━━━ SUPPLIED RECORDS ━━━
(* Let $\mathcal{I}$ be an interval hypergraph on $[n]$ closed under intersection. Then for every $j\in\mathcal{J}_{\mathcal{I}}$, the acyclic orientation $A_j$ is join irreducible in the lattice $P_{\mathcal{I}}$.
   Context: An interval hypergraph $\mathcal{I}$ on $[n]$ is a collection of intervals of $[n]$ containing all singletons; it is closed under intersection if $I,J\in\mathcal{I}$, $I\cap J\ne\varnothing$ imply $I\cap J\in\mathcal{I}$. An orientation is a map $O:\mathcal{I}\to[n]$ with $O(I)\in I$; it is acyclic if there are no $H_1,\dots,H_k$, $k\ge2$, with $O(H_{i+1})\in H_i\setminus\{O(H_i)\}$ for $i\in[k-1]$ and $O(H_1)\in H_k\setminus\{O(H_k)\}$. Orientations $O\ne O'$ are related by an increasing flip (from $O$ to $O'$) if there exist $1\le i<j\le n$ such that for all $H$: if $O(H)\ne O'(H)$ then $O(H)=i$, $O'(H)=j$; and if $\{i,j\}\subseteq H$ then $O(H)=i\iff O'(H)=j$. $P_{\mathcal{I}}$ is the transitive closure of the increasing flip relation on acyclic orientations (a lattice here). Let $\mathcal{J}_{\mathcal{I}}=\bigcup_{I\in\mathcal{I}}I\setminus\{\min I\}$. For $j\in\mathcal{J}_{\mathcal{I}}$ let $J_j=\bigcap\{I\in\mathcal{I}: j\in I\setminus\{\min I\}\}$ and $\mu_j=\min J_j$. For a permutation $\pi$, $\mathrm{Or}_\pi(I)=\pi(\min\{k:\pi(k)\in I\})$. Define $A_j=\mathrm{Or}_\pi$ for the permutation $\pi=1\,2\cdots(\mu_j-1)\,j\,\mu_j\cdots(j-1)\,(j+1)\cdots n$ (one-line notation); explicitly $A_j(J)=j$ if $j\in J$ and $\min J=\mu_j$, and $A_j(J)=\min J$ otherwise. An element of a lattice is join irreducible if it is not the minimum and covers exactly one element. *)

theory Defs
  imports Main "HOL-Library.FuncSet"
begin

definition intervals_of :: "nat \<Rightarrow> nat set set" where
  "intervals_of n = {{a..b} | a b. 1 \<le> a \<and> a \<le> b \<and> b \<le> n}"

definition interval_hypergraph :: "nat \<Rightarrow> nat set set \<Rightarrow> bool" where
  "interval_hypergraph n \<I> \<longleftrightarrow> \<I> \<subseteq> intervals_of n \<and> (\<forall>i\<in>{1..n}. {i} \<in> \<I>)"

definition closed_under_intersection :: "nat set set \<Rightarrow> bool" where
  "closed_under_intersection \<I> \<longleftrightarrow>
     (\<forall>I\<in>\<I>. \<forall>J\<in>\<I>. I \<inter> J \<noteq> {} \<longrightarrow> I \<inter> J \<in> \<I>)"

definition orientations :: "nat set set \<Rightarrow> (nat set \<Rightarrow> nat) set" where
  "orientations \<I> = (\<Pi>\<^sub>E I\<in>\<I>. I)"

definition acyclic_orientation :: "nat set set \<Rightarrow> (nat set \<Rightarrow> nat) \<Rightarrow> bool" where
  "acyclic_orientation \<I> Ori \<longleftrightarrow> Ori \<in> orientations \<I> \<and>
     \<not> (\<exists>Hs. length Hs \<ge> 2 \<and> set Hs \<subseteq> \<I> \<and>
           (\<forall>i. i + 1 < length Hs \<longrightarrow> Ori (Hs ! (i + 1)) \<in> Hs ! i - {Ori (Hs ! i)}) \<and>
           Ori (Hs ! 0) \<in> last Hs - {Ori (last Hs)})"

definition increasing_flip :: "nat \<Rightarrow> nat set set \<Rightarrow> (nat set \<Rightarrow> nat) \<Rightarrow> (nat set \<Rightarrow> nat) \<Rightarrow> bool" where
  "increasing_flip n \<I> Ori Q \<longleftrightarrow> Ori \<noteq> Q \<and>
     (\<exists>i j. 1 \<le> i \<and> i < j \<and> j \<le> n \<and>
        (\<forall>H\<in>\<I>. (Ori H \<noteq> Q H \<longrightarrow> Ori H = i \<and> Q H = j) \<and>
                 ({i, j} \<subseteq> H \<longrightarrow> (Ori H = i \<longleftrightarrow> Q H = j))))"

definition P_carrier :: "nat set set \<Rightarrow> (nat set \<Rightarrow> nat) set" where
  "P_carrier \<I> = {Ori. acyclic_orientation \<I> Ori}"

definition flip_rel :: "nat \<Rightarrow> nat set set \<Rightarrow> ((nat set \<Rightarrow> nat) \<times> (nat set \<Rightarrow> nat)) set" where
  "flip_rel n \<I> = {(Ori, Q). Ori \<in> P_carrier \<I> \<and> Q \<in> P_carrier \<I> \<and> increasing_flip n \<I> Ori Q}"

definition P_le :: "nat \<Rightarrow> nat set set \<Rightarrow> (nat set \<Rightarrow> nat) \<Rightarrow> (nat set \<Rightarrow> nat) \<Rightarrow> bool" where
  "P_le n \<I> Ori Q \<longleftrightarrow> Ori \<in> P_carrier \<I> \<and> Q \<in> P_carrier \<I> \<and>
     (Ori = Q \<or> (Ori, Q) \<in> (flip_rel n \<I>)\<^sup>+)"

definition covers :: "'a set \<Rightarrow> ('a \<Rightarrow> 'a \<Rightarrow> bool) \<Rightarrow> 'a \<Rightarrow> 'a \<Rightarrow> bool" where
  "covers C le x y \<longleftrightarrow> x \<in> C \<and> y \<in> C \<and> le y x \<and> y \<noteq> x \<and>
     \<not> (\<exists>z\<in>C. le y z \<and> y \<noteq> z \<and> le z x \<and> z \<noteq> x)"

definition join_irreducible :: "'a set \<Rightarrow> ('a \<Rightarrow> 'a \<Rightarrow> bool) \<Rightarrow> 'a \<Rightarrow> bool" where
  "join_irreducible C le x \<longleftrightarrow> x \<in> C \<and> \<not> (\<forall>y\<in>C. le x y) \<and> (\<exists>!y. covers C le x y)"

definition JJ :: "nat set set \<Rightarrow> nat set" where
  "JJ \<I> = (\<Union>I\<in>\<I>. I - {Min I})"

definition J_of :: "nat set set \<Rightarrow> nat \<Rightarrow> nat set" where
  "J_of \<I> j = \<Inter> {I \<in> \<I>. j \<in> I - {Min I}}"

definition mu :: "nat set set \<Rightarrow> nat \<Rightarrow> nat" where
  "mu \<I> j = Min (J_of \<I> j)"

text \<open>Or_pi for a permutation pi of [n] given in one-line notation as a list:
  the first entry of pi lying in I.\<close>
definition Or_perm :: "nat set set \<Rightarrow> nat list \<Rightarrow> nat set \<Rightarrow> nat" where
  "Or_perm \<I> \<pi> = restrict (\<lambda>I. hd (filter (\<lambda>x. x \<in> I) \<pi>)) \<I>"

definition perm_A :: "nat \<Rightarrow> nat set set \<Rightarrow> nat \<Rightarrow> nat list" where
  "perm_A n \<I> j = [1..<mu \<I> j] @ [j] @ [mu \<I> j..<j] @ [j+1..<n+1]"

definition A_or :: "nat \<Rightarrow> nat set set \<Rightarrow> nat \<Rightarrow> nat set \<Rightarrow> nat" where
  "A_or n \<I> j = Or_perm \<I> (perm_A n \<I> j)"

end

theory Submission
  imports Defs
begin

(* Let redirect i be the orientation that sends every hyperedge H with j \<in> H and min H = mu_j
   to i and every other hyperedge to its minimum, so that redirect mu_j is the minimum
   orientation and redirect j = A_j.  An increasing flip into A_j can only move the value j on
   exactly these hyperedges down to some i, so the flip predecessors of A_j are the acyclic
   redirect i with mu_j \<le> i < j.  These form a chain: if redirect a and redirect b (a < b) were
   not related by a flip, some H with min H = a containing b would form a 2-cycle with J_j in
   redirect b.  Hence everything strictly below A_j lies below the largest acyclic redirect i,
   which is then its unique lower cover, and A_j is not the minimum because A_j(J_j) = j > mu_j. *)

lemma acyclic_orientation_if_rank:
  fixes rank :: "nat \<Rightarrow> nat"
  assumes "Q \<in> orientations \<I>"
    and rank_less: "\<And>H x. H \<in> \<I> \<Longrightarrow> x \<in> H \<Longrightarrow> x \<noteq> Q H \<Longrightarrow> rank (Q H) < rank x"
  shows "acyclic_orientation \<I> Q"
proof -
  have False
    if len: "length Hs \<ge> 2" and Hs: "set Hs \<subseteq> \<I>"
      and step: "\<forall>i. i + 1 < length Hs \<longrightarrow> Q (Hs ! (i + 1)) \<in> Hs ! i - {Q (Hs ! i)}"
      and wraps: "Q (Hs ! 0) \<in> last Hs - {Q (last Hs)}" for Hs
  proof -
    have grow: "rank (Q (Hs ! 0)) + k \<le> rank (Q (Hs ! k))" if "k < length Hs" for k
      using that
    proof (induction k)
      case (Suc k)
      then have "Hs ! k \<in> \<I>" using Hs by (meson Suc_lessD nth_mem subset_iff)
      with Suc step rank_less[of "Hs ! k" "Q (Hs ! Suc k)"] show ?case by auto
    qed simp
    have "last Hs = Hs ! (length Hs - 1)" using len by (intro last_conv_nth) auto
    then have "rank (Q (Hs ! 0)) + (length Hs - 1) \<le> rank (Q (last Hs))"
      using grow[of "length Hs - 1"] len by simp
    then have "rank (Q (Hs ! 0)) < rank (Q (last Hs))" using len by linarith
    moreover have "last Hs \<in> \<I>"
      using Hs len by (metis last_in_set list.size(3) not_numeral_le_zero subsetD)
    ultimately show False using wraps rank_less by fastforce
  qed
  then show ?thesis using assms(1) unfolding acyclic_orientation_def by blast
qed

lemma acyclic_orientation_no_2_cycle:
  assumes "acyclic_orientation \<I> Q" and "H \<in> \<I>" "K \<in> \<I>"
    and "Q K \<in> H - {Q H}" "Q H \<in> K - {Q K}"
  shows False
proof -
  have "length [H, K] \<ge> 2 \<and> set [H, K] \<subseteq> \<I> \<and>
    (\<forall>i. i + 1 < length [H, K] \<longrightarrow> Q ([H, K] ! (i + 1)) \<in> [H, K] ! i - {Q ([H, K] ! i)}) \<and>
    Q ([H, K] ! 0) \<in> last [H, K] - {Q (last [H, K])}"
    using assms(2-) by auto
  then show False using assms(1) unfolding acyclic_orientation_def by blast
qed

lemma orientations_ext:
  "Q \<in> orientations \<I> \<Longrightarrow> Q' \<in> orientations \<I> \<Longrightarrow> (\<And>H. H \<in> \<I> \<Longrightarrow> Q H = Q' H) \<Longrightarrow> Q = Q'"
  unfolding orientations_def by (rule PiE_ext)

lemma flip_rel_le_pointwise:
  assumes "(Q, Q') \<in> flip_rel n \<I>" "H \<in> \<I>"
  shows "Q H \<le> Q' H"
proof -
  obtain i k where "i < k" "Q H \<noteq> Q' H \<longrightarrow> Q H = i \<and> Q' H = k"
    using assms unfolding flip_rel_def increasing_flip_def by blast
  then show ?thesis by (cases "Q H = Q' H") auto
qed

lemma P_le_le_pointwise:
  assumes "P_le n \<I> Q Q'" "H \<in> \<I>"
  shows "Q H \<le> Q' H"
proof -
  have "(Q, Q') \<in> (flip_rel n \<I>)\<^sup>*" using assms(1) unfolding P_le_def by auto
  then show ?thesis
  proof induction
    case (step Q'' Q')
    then show ?case using flip_rel_le_pointwise[OF step(2) assms(2)] by simp
  qed simp
qed

lemma P_le_antisym:
  assumes "P_le n \<I> Q Q'" "P_le n \<I> Q' Q"
  shows "Q = Q'"
proof -
  have "Q \<in> orientations \<I>" "Q' \<in> orientations \<I>"
    using assms unfolding P_le_def P_carrier_def acyclic_orientation_def by auto
  then show ?thesis
  proof (rule orientations_ext)
    fix H assume "H \<in> \<I>"
    then show "Q H = Q' H" using assms P_le_le_pointwise by (meson antisym)
  qed
qed

lemma unique_lower_cover_if_predecessors_chain:
  fixes f :: "nat \<Rightarrow> 'a"
  assumes le_iff: "\<And>y z. le y z \<longleftrightarrow> y \<in> C \<and> z \<in> C \<and> (y = z \<or> (y, z) \<in> R\<^sup>+)"
    and R_sub: "R \<subseteq> C \<times> C" and irrefl: "(x, x) \<notin> R"
    and antisym: "\<And>y z. le y z \<Longrightarrow> le z y \<Longrightarrow> y = z"
    and preds: "{y. (y, x) \<in> R} = f ` V" and "finite V" "V \<noteq> {}"
    and chain: "\<And>a b. a \<in> V \<Longrightarrow> b \<in> V \<Longrightarrow> a < b \<Longrightarrow> le (f a) (f b)"
  shows "\<exists>!y. covers C le x y"
proof -
  have le_trans: "le y w" if "le y z" "le z w" for y z w
    using that unfolding le_iff by (meson trancl_trans)
  define s where "s = f (Max V)"
  have "(s, x) \<in> R" using Max_in[OF \<open>finite V\<close> \<open>V \<noteq> {}\<close>] preds unfolding s_def by auto
  then have "s \<in> C" "x \<in> C" "s \<noteq> x" "le s x" using R_sub irrefl le_iff by auto
  have below_s: "le y s" if "le y x" "y \<noteq> x" for y
  proof -
    have "(y, x) \<in> R\<^sup>+" using that le_iff by auto
    then obtain z where "(y, z) \<in> R\<^sup>*" "(z, x) \<in> R" by (meson tranclD2)
    then have "le y z" using that R_sub le_iff by (auto simp: rtrancl_eq_or_trancl)
    moreover obtain v where "v \<in> V" "z = f v" using \<open>(z, x) \<in> R\<close> preds by auto
    have "le z s"
    proof (cases "v = Max V")
      case True
      then show ?thesis using \<open>s \<in> C\<close> le_iff unfolding s_def \<open>z = f v\<close> by simp
    next
      case False
      then have "v < Max V" using Max_ge[OF \<open>finite V\<close> \<open>v \<in> V\<close>] by simp
      then show ?thesis using chain[OF \<open>v \<in> V\<close> Max_in[OF \<open>finite V\<close> \<open>V \<noteq> {}\<close>]]
        unfolding s_def \<open>z = f v\<close> by blast
    qed
    ultimately show ?thesis by (rule le_trans)
  qed
  have "covers C le x s"
    unfolding covers_def using \<open>s \<in> C\<close> \<open>x \<in> C\<close> \<open>s \<noteq> x\<close> \<open>le s x\<close> below_s antisym by blast
  moreover have "y = s" if "covers C le x y" for y
    using that below_s \<open>s \<in> C\<close> \<open>s \<noteq> x\<close> \<open>le s x\<close> unfolding covers_def by blast
  ultimately show ?thesis by blast
qed

lemma Inter_in_if_closed_under_intersection:
  assumes "closed_under_intersection \<I>" and "finite F" "F \<noteq> {}" "F \<subseteq> \<I>" "x \<in> \<Inter>F"
  shows "\<Inter>F \<in> \<I>"
  using assms(2-)
proof (induction F rule: finite_ne_induct)
  case (insert H F)
  then have "H \<inter> \<Inter>F \<noteq> {}" by blast
  with insert show ?case using assms(1) unfolding closed_under_intersection_def by auto
qed simp

lemma filter_atLeastAtMost_upt:
  "filter (\<lambda>x. x \<in> {a..b}) [l..<m] = [max l a..<min m (Suc b)]"
proof (induction m)
  case (Suc m)
  then show ?case
    by (cases "l \<le> m"; cases "a \<le> m"; cases "m \<le> b") (auto simp: max_def min_def le_Suc_eq)
qed simp

lemma Min_atLeastAtMost: "a \<le> b \<Longrightarrow> Min {a..b} = (a :: nat)"
  by (rule Min_eqI) auto

locale interval_hypergraph_JJ_element =
  fixes n :: nat and \<I> :: "nat set set" and j :: nat
  assumes hypergraph: "interval_hypergraph n \<I>"
    and closed: "closed_under_intersection \<I>"
    and j_in_JJ: "j \<in> JJ \<I>"
begin

abbreviation J_j :: "nat set" where "J_j \<equiv> J_of \<I> j"
abbreviation mu_j :: nat where "mu_j \<equiv> mu \<I> j"

lemma edge_interval:
  assumes "H \<in> \<I>"
  obtains a b where "H = {a..b}" "1 \<le> a" "a \<le> b" "b \<le> n"
  using assms hypergraph unfolding interval_hypergraph_def intervals_of_def by blast

lemma edge_Min_in: "H \<in> \<I> \<Longrightarrow> Min H \<in> H"
  by (metis edge_interval Min_in atLeastAtMost_iff empty_iff finite_atLeastAtMost order_refl)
━━━
- **WORK INSTRUCTION**: Word for word, return the lines from the one holding "[l..<m] = [max" through the end of the entries above.

- **ANSWER TO THIS EXERCISE**:
  "filter (\<lambda>x. x \<in> {a..b}) [l..<m] = [max l a..<min m (Suc b)]"
proof (induction m)
  case (Suc m)
  then show ?case
    by (cases "l \<le> m"; cases "a \<le> m"; cases "m \<le> b") (auto simp: max_def min_def le_Suc_eq)
qed simp

lemma Min_atLeastAtMost: "a \<le> b \<Longrightarrow> Min {a..b} = (a :: nat)"
  by (rule Min_eqI) auto

locale interval_hypergraph_JJ_element =
  fixes n :: nat and \<I> :: "nat set set" and j :: nat
  assumes hypergraph: "interval_hypergraph n \<I>"
    and closed: "closed_under_intersection \<I>"
    and j_in_JJ: "j \<in> JJ \<I>"
begin

abbreviation J_j :: "nat set" where "J_j \<equiv> J_of \<I> j"
abbreviation mu_j :: nat where "mu_j \<equiv> mu \<I> j"

lemma edge_interval:
  assumes "H \<in> \<I>"
  obtains a b where "H = {a..b}" "1 \<le> a" "a \<le> b" "b \<le> n"
  using assms hypergraph unfolding interval_hypergraph_def intervals_of_def by blast

lemma edge_Min_in: "H \<in> \<I> \<Longrightarrow> Min H \<in> H"
  by (metis edge_interval Min_in atLeastAtMost_iff empty_iff finite_atLeastAtMost order_refl)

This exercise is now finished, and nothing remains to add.